### PROVIDED INFORMATION

lemma braid_family_vb_sigma: "braid_family (VB n) (n - 1) (vb_sigma n)"
  unfolding braid_family_def vb_sigma_def
  by (auto simp: vb_class_mult valid_letter_def intro!: vb_class_relator, simp_all add: vb_relators_def)

lemma braid_family_vb_rho: "braid_family (VB n) (n - 1) (vb_rho n)"
  unfolding braid_family_def vb_rho_def
  by (auto simp: vb_class_mult valid_letter_def intro!: vb_class_relator, simp_all add: vb_relators_def)

lemma vb_sigma_rho_commute:
  assumes "1 \<le> i" "i + 2 \<le> j" "j \<le> n - 1"
  shows "vb_sigma n i \<otimes>\<^bsub>VB n\<^esub> vb_rho n j = vb_rho n j \<otimes>\<^bsub>VB n\<^esub> vb_sigma n i"
  using assms unfolding vb_sigma_def vb_rho_def
  by (simp add: vb_class_mult valid_letter_def, intro vb_class_relator, simp add: vb_relators_def)

lemma vb_class_letter_in_generate:
  assumes x: "valid_letter n x"
  shows "vb_class n [x] \<in> generate (VB n) (vb_sigma n ` {1..n - 1} \<union> vb_rho n ` {1..n - 1})"
proof -
  obtain e g where eg: "x = (e, g)"
    by force
  have positive: "vb_class n [(True, g)] \<in> vb_sigma n ` {1..n - 1} \<union> vb_rho n ` {1..n - 1}"
    using x eg by (cases g) (auto simp: valid_letter_def vb_sigma_def vb_rho_def)
  show ?thesis
  proof (cases e)
    case True
    with positive eg show ?thesis
      by (simp add: generate.incl)
  next
    case False
    have "vb_class n [x] = inv\<^bsub>VB n\<^esub> vb_class n [(True, g)]"
      using x eg False by (simp add: inv_VB inv_word_def inv_letter_def valid_letter_def)
    with positive show ?thesis
      by (simp add: generate.inv)
  qed
qed

lemma generate_VB: "carrier (VB n) = generate (VB n) (vb_sigma n ` {1..n - 1} \<union> vb_rho n ` {1..n - 1})"
proof
  have "vb_sigma n ` {1..n - 1} \<union> vb_rho n ` {1..n - 1} \<subseteq> carrier (VB n)"
    by (auto simp: vb_sigma_def vb_rho_def valid_letter_def)
  then show "generate (VB n) (vb_sigma n ` {1..n - 1} \<union> vb_rho n ` {1..n - 1}) \<subseteq> carrier (VB n)"
    by (rule group.generate_incl[OF group_VB])
next
  have "vb_class n w \<in> generate (VB n) (vb_sigma n ` {1..n - 1} \<union> vb_rho n ` {1..n - 1})"
    if "valid_word n w" for w
    using that
  proof (induction w)
    case Nil
    then show ?case
      using generate.one[of "VB n"] by (simp add: one_VB)
  next
    case (Cons x w)
    then have "vb_class n [x] \<otimes>\<^bsub>VB n\<^esub> vb_class n w
                 \<in> generate (VB n) (vb_sigma n ` {1..n - 1} \<union> vb_rho n ` {1..n - 1})"
      by (intro generate.eng vb_class_letter_in_generate) simp_all
    with Cons.prems show ?case
      by (simp add: vb_class_mult)
  qed
  then show "carrier (VB n) \<subseteq> generate (VB n) (vb_sigma n ` {1..n - 1} \<union> vb_rho n ` {1..n - 1})"
    by (auto simp: carrier_VB)
qed

theorem proposition4p5:
  fixes n :: nat
  assumes "n \<ge> 5"
  shows "derived (VB n) (derived (VB n) (carrier (VB n))) = derived (VB n) (carrier (VB n))"
proof (rule group.derived_perfect_if_generated_by_braid_families[OF group_VB])
  show "4 \<le> n - 1"
    using assms by simp
  show "vb_sigma n 1 \<otimes>\<^bsub>VB n\<^esub> vb_rho n 3 = vb_rho n 3 \<otimes>\<^bsub>VB n\<^esub> vb_sigma n 1"
    using assms by (intro vb_sigma_rho_commute) auto
qed (fact braid_family_vb_sigma braid_family_vb_rho generate_VB)+

end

######

**WHAT NEEDS TO BE DONE**
Transcribe all of the entries without alteration.

**EXERCISE SOLUTION**
lemma braid_family_vb_sigma: "braid_family (VB n) (n - 1) (vb_sigma n)"
  unfolding braid_family_def vb_sigma_def
  by (auto simp: vb_class_mult valid_letter_def intro!: vb_class_relator, simp_all add: vb_relators_def)

lemma braid_family_vb_rho: "braid_family (VB n) (n - 1) (vb_rho n)"
  unfolding braid_family_def vb_rho_def
  by (auto simp: vb_class_mult valid_letter_def intro!: vb_class_relator, simp_all add: vb_relators_def)

lemma vb_sigma_rho_commute:
  assumes "1 \<le> i" "i + 2 \<le> j" "j \<le> n - 1"
  shows "vb_sigma n i \<otimes>\<^bsub>VB n\<^esub> vb_rho n j = vb_rho n j \<otimes>\<^bsub>VB n\<^esub> vb_sigma n i"
  using assms unfolding vb_sigma_def vb_rho_def
  by (simp add: vb_class_mult valid_letter_def, intro vb_class_relator, simp add: vb_relators_def)

lemma vb_class_letter_in_generate:
  assumes x: "valid_letter n x"
  shows "vb_class n [x] \<in> generate (VB n) (vb_sigma n ` {1..n - 1} \<union> vb_rho n ` {1..n - 1})"
proof -
  obtain e g where eg: "x = (e, g)"
    by force
  have positive: "vb_class n [(True, g)] \<in> vb_sigma n ` {1..n - 1} \<union> vb_rho n ` {1..n - 1}"
    using x eg by (cases g) (auto simp: valid_letter_def vb_sigma_def vb_rho_def)
  show ?thesis
  proof (cases e)
    case True
    with positive eg show ?thesis
      by (simp add: generate.incl)
  next
    case False
    have "vb_class n [x] = inv\<^bsub>VB n\<^esub> vb_class n [(True, g)]"
      using x eg False by (simp add: inv_VB inv_word_def inv_letter_def valid_letter_def)
    with positive show ?thesis
      by (simp add: generate.inv)
  qed
qed

lemma generate_VB: "carrier (VB n) = generate (VB n) (vb_sigma n ` {1..n - 1} \<union> vb_rho n ` {1..n - 1})"
proof
  have "vb_sigma n ` {1..n - 1} \<union> vb_rho n ` {1..n - 1} \<subseteq> carrier (VB n)"
    by (auto simp: vb_sigma_def vb_rho_def valid_letter_def)
  then show "generate (VB n) (vb_sigma n ` {1..n - 1} \<union> vb_rho n ` {1..n - 1}) \<subseteq> carrier (VB n)"
    by (rule group.generate_incl[OF group_VB])
next
  have "vb_class n w \<in> generate (VB n) (vb_sigma n ` {1..n - 1} \<union> vb_rho n ` {1..n - 1})"
    if "valid_word n w" for w
    using that
  proof (induction w)
    case Nil
    then show ?case
      using generate.one[of "VB n"] by (simp add: one_VB)
  next
    case (Cons x w)
    then have "vb_class n [x] \<otimes>\<^bsub>VB n\<^esub> vb_class n w
                 \<in> generate (VB n) (vb_sigma n ` {1..n - 1} \<union> vb_rho n ` {1..n - 1})"
      by (intro generate.eng vb_class_letter_in_generate) simp_all
    with Cons.prems show ?case
      by (simp add: vb_class_mult)
  qed
  then show "carrier (VB n) \<subseteq> generate (VB n) (vb_sigma n ` {1..n - 1} \<union> vb_rho n ` {1..n - 1})"
    by (auto simp: carrier_VB)
qed

theorem proposition4p5:
  fixes n :: nat
  assumes "n \<ge> 5"
  shows "derived (VB n) (derived (VB n) (carrier (VB n))) = derived (VB n) (carrier (VB n))"
proof (rule group.derived_perfect_if_generated_by_braid_families[OF group_VB])
  show "4 \<le> n - 1"
    using assms by simp
  show "vb_sigma n 1 \<otimes>\<^bsub>VB n\<^esub> vb_rho n 3 = vb_rho n 3 \<otimes>\<^bsub>VB n\<^esub> vb_sigma n 1"
    using assms by (intro vb_sigma_rho_commute) auto
qed (fact braid_family_vb_sigma braid_family_vb_rho generate_VB)+

end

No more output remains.